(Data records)

lemma common_neighbours_chordless_sq:
  assumes g: "graph V E" and c: "chordless_sq E v u x w"
    and n: "({v, u}, {v, w}) \<notin> dvstar E v"
  shows "{y. {v, y} \<in> E \<and> {x, y} \<in> E} = {u, w}"
proof
  from c have d: "distinct [v, u, x, w]"
    and edges: "{v, u} \<in> E" "{u, x} \<in> E" "{x, w} \<in> E" "{w, v} \<in> E"
    unfolding chordless_sq_def sq_def by auto
  show "{u, w} \<subseteq> {y. {v, y} \<in> E \<and> {x, y} \<in> E}"
    using edges by (auto simp: insert_commute)
  show "{y. {v, y} \<in> E \<and> {x, y} \<in> E} \<subseteq> {u, w}"
  proof (rule subsetI, rule ccontr)
    fix y assume y: "y \<in> {y. {v, y} \<in> E \<and> {x, y} \<in> E}" and "y \<notin> {u, w}"
    with g have "y \<notin> {u, w, v, x}" by (auto dest: graph_edge_distinct)
    with y d edges have "sq E u v w x" "sq E u v y x"
      unfolding sq_def by (auto simp: insert_commute)
    hence "{w, y} \<subseteq> tops E {v, u} {u, x}"
      unfolding tops_def using insert_commute[of v u] by blast
    with \<open>y \<notin> {u, w}\<close> have "\<not> unique_chordless E {v, u} {u, x}"
      unfolding unique_chordless_def by auto
    moreover have "{v, u} \<noteq> {u, x}" using d by (auto simp: doubleton_eq_iff)
    ultimately have "({v, u}, {u, x}) \<in> delta E" unfolding delta_def using edges by auto
    hence vu_ux: "({v, u}, {u, x}) \<in> dvstar E v"
      using edges by (auto intro: delta_incid_in_dvstar simp: incid_def)
    have "opposite E {v, w} {u, x}" unfolding opposite_def
      using chordless_sq_reverse[OF c] by (auto simp: insert_commute)
    hence "({v, w}, {u, x}) \<in> delta E" unfolding delta_def using edges by (auto simp: insert_commute)
    hence "({v, w}, {u, x}) \<in> dvstar E v"
      using edges by (auto intro: delta_incid_in_dvstar simp: incid_def insert_commute)
    with vu_ux n show False by (blast dest: dvstar_sym dvstar_trans)
  qed
qed

text \<open>Two primal edges that are not \<open>dvstar\<close>-related are not \<open>delta\<close>-related either, so they
  span exactly one square.\<close>

lemma tops_unique_if_not_dvstar:
  assumes "{v, a} \<in> E" and "{v, c} \<in> E" and n: "({v, a}, {v, c}) \<notin> dvstar E v"
    and "x \<in> tops E {v, a} {v, c}" and "y \<in> tops E {v, a} {v, c}"
  shows "x = y"
proof -
  have "({v, a}, {v, c}) \<notin> delta E"
    using n assms(1) by (auto intro: delta_incid_in_dvstar simp: incid_def)
  hence "unique_chordless E {v, a} {v, c}"
    using assms(1,2) unfolding delta_def by auto
  then obtain t where "tops E {v, a} {v, c} = {t}" unfolding unique_chordless_def by auto
  with assms(4,5) show ?thesis by auto
qed

lemma chordless_sq_in_Sv:
  assumes c: "chordless_sq E v u x w" and n: "({v, u}, {v, w}) \<notin> dvstar E v"
  shows "chordless_sq (Sv_edges E v) v u x w"
proof -
  from c have d: "distinct [v, u, x, w]"
    and edges: "{v, u} \<in> E" "{u, x} \<in> E" "{x, w} \<in> E" "{w, v} \<in> E"
    unfolding chordless_sq_def sq_def by auto
  have "{u, x} \<in> Fv E v" "{x, w} \<in> Fv E v"
    unfolding Fv_def incid_def using c n d edges by auto
  moreover have "{v, u} \<in> incid E v" "{w, v} \<in> incid E v" using edges by (auto simp: incid_def)
  ultimately show ?thesis using c d Sv_edges_in_E[of _ E v]
    unfolding chordless_sq_def sq_def Sv_edges_def by auto
qed

lemma no_Sv_sq_if_dvstar:
  assumes g: "graph V E" and "({v, u}, {v, w}) \<in> dvstar E v"
  shows "\<not> sq (Sv_edges E v) v u x w"
proof
  assume s: "sq (Sv_edges E v) v u x w"
  hence d: "distinct [v, u, x, w]" and ux: "{u, x} \<in> Sv_edges E v"
    and vu: "{v, u} \<in> E" and vw: "{v, w} \<in> E" and xw: "{x, w} \<in> E"
    using Sv_edges_in_E unfolding sq_def by (auto simp: insert_commute)
  have "{u, x} \<in> Fv E v" using Sv_edge_in_Fv[OF ux] d by auto
  then obtain u' x' w' where c: "chordless_sq E v u' x' w'"
    and n: "({v, u'}, {v, w'}) \<notin> dvstar E v" and eq: "{u, x} = {u', x'}"
    by (elim FvE)
  have "{v, x'} \<notin> E" using c unfolding chordless_sq_def by auto
  with eq vu have "u = u'" "x = x'" by (auto simp: doubleton_eq_iff)
  with common_neighbours_chordless_sq[OF g c n] vw xw d have "w = w'"
    by (auto simp: insert_commute)
  with n assms(2) \<open>u = u'\<close> show False by simp
qed

text \<open>The F_v edges ab, bc of a square avoiding v alternate between a primal vertex a and a
  non-primal vertex b, so c is primal as well, and both b and d are tops over va, vc.\<close>

lemma no_Sv_sq_avoiding_center_with_primal:
  assumes g: "graph V E" and s: "sq (Sv_edges E v) a b c d" and nv: "v \<notin> {a, b, c, d}"
    and va: "{v, a} \<in> E"
  shows False
proof -
  from s have d: "distinct [a, b, c, d]" and S: "{a, b} \<in> Sv_edges E v"
    "{b, c} \<in> Sv_edges E v" "{c, d} \<in> Sv_edges E v" "{d, a} \<in> Sv_edges E v"
    unfolding sq_def by auto
  have F: "{a, b} \<in> Fv E v" "{b, c} \<in> Fv E v"
    using S(1,2) nv by (auto intro: Sv_edge_in_Fv)
  have edges: "{a, b} \<in> E" "{b, c} \<in> E" "{c, d} \<in> E" "{d, a} \<in> E"
    using S by (auto intro: Sv_edges_in_E)
  obtain u x w where c: "chordless_sq E v u x w" and n: "({v, u}, {v, w}) \<notin> dvstar E v"
    and eq: "{a, b} = {u, x}"
    using F(1) by (elim FvE)
  have "{v, x} \<notin> E" using c unfolding chordless_sq_def by auto
  with eq va have ab: "a = u" "b = x" by (auto simp: doubleton_eq_iff)
  obtain p q where "{b, c} = {p, q}" "{v, p} \<in> E" "{v, q} \<notin> E"
    using F(2) by (elim Fv_edge_primal_endpoint)
  with ab \<open>{v, x} \<notin> E\<close> have vc: "{v, c} \<in> E" by (auto simp: doubleton_eq_iff)
  with common_neighbours_chordless_sq[OF g c n] edges ab d have cw: "c = w" by auto
  have "b \<in> tops E {v, a} {v, c}" unfolding tops_def using c ab cw
    unfolding chordless_sq_def by auto
  moreover have "sq E v a d c"
    using d edges nv va vc unfolding sq_def by (auto simp: insert_commute)
  hence "d \<in> tops E {v, a} {v, c}" unfolding tops_def by blast
  ultimately have "b = d" using tops_unique_if_not_dvstar[OF va vc] n ab cw by auto
  with d show False by auto
qed

lemma Sv_sq_through_center:
  assumes g: "graph V E" and s: "sq (Sv_edges E v) a b c d"
  shows "v \<in> {a, b, c, d}"
proof (rule ccontr)
  assume nv: "v \<notin> {a, b, c, d}"
  have "{a, b} \<in> Fv E v" using s nv by (auto simp: sq_def intro: Sv_edge_in_Fv)
  then obtain p q where "{a, b} = {p, q}" and "{v, p} \<in> E" by (elim Fv_edge_primal_endpoint)
  hence "{v, a} \<in> E \<or> {v, b} \<in> E" by (auto simp: doubleton_eq_iff)
  thus False
  proof
    assume "{v, a} \<in> E"
    with no_Sv_sq_avoiding_center_with_primal[OF g s nv] show False .
  next
    assume "{v, b} \<in> E"
    with no_Sv_sq_avoiding_center_with_primal[OF g sq_rotate[OF s]] nv show False by auto
  qed
qed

• REQUIREMENT: Of all the entries above, retype exactly the lines from the line with "d by (auto simp: doubleton_eq_iff)" to the line with "using n assms(1)", both included, and no others.

• RESULT OF THE TASK:
    moreover have "{v, u} \<noteq> {u, x}" using d by (auto simp: doubleton_eq_iff)
    ultimately have "({v, u}, {u, x}) \<in> delta E" unfolding delta_def using edges by auto
    hence vu_ux: "({v, u}, {u, x}) \<in> dvstar E v"
      using edges by (auto intro: delta_incid_in_dvstar simp: incid_def)
    have "opposite E {v, w} {u, x}" unfolding opposite_def
      using chordless_sq_reverse[OF c] by (auto simp: insert_commute)
    hence "({v, w}, {u, x}) \<in> delta E" unfolding delta_def using edges by (auto simp: insert_commute)
    hence "({v, w}, {u, x}) \<in> dvstar E v"
      using edges by (auto intro: delta_incid_in_dvstar simp: incid_def insert_commute)
    with vu_ux n show False by (blast dest: dvstar_sym dvstar_trans)
  qed
qed

text \<open>Two primal edges that are not \<open>dvstar\<close>-related are not \<open>delta\<close>-related either, so they
  span exactly one square.\<close>

lemma tops_unique_if_not_dvstar:
  assumes "{v, a} \<in> E" and "{v, c} \<in> E" and n: "({v, a}, {v, c}) \<notin> dvstar E v"
    and "x \<in> tops E {v, a} {v, c}" and "y \<in> tops E {v, a} {v, c}"
  shows "x = y"
proof -
  have "({v, a}, {v, c}) \<notin> delta E"
    using n assms(1) by (auto intro: delta_incid_in_dvstar simp: incid_def)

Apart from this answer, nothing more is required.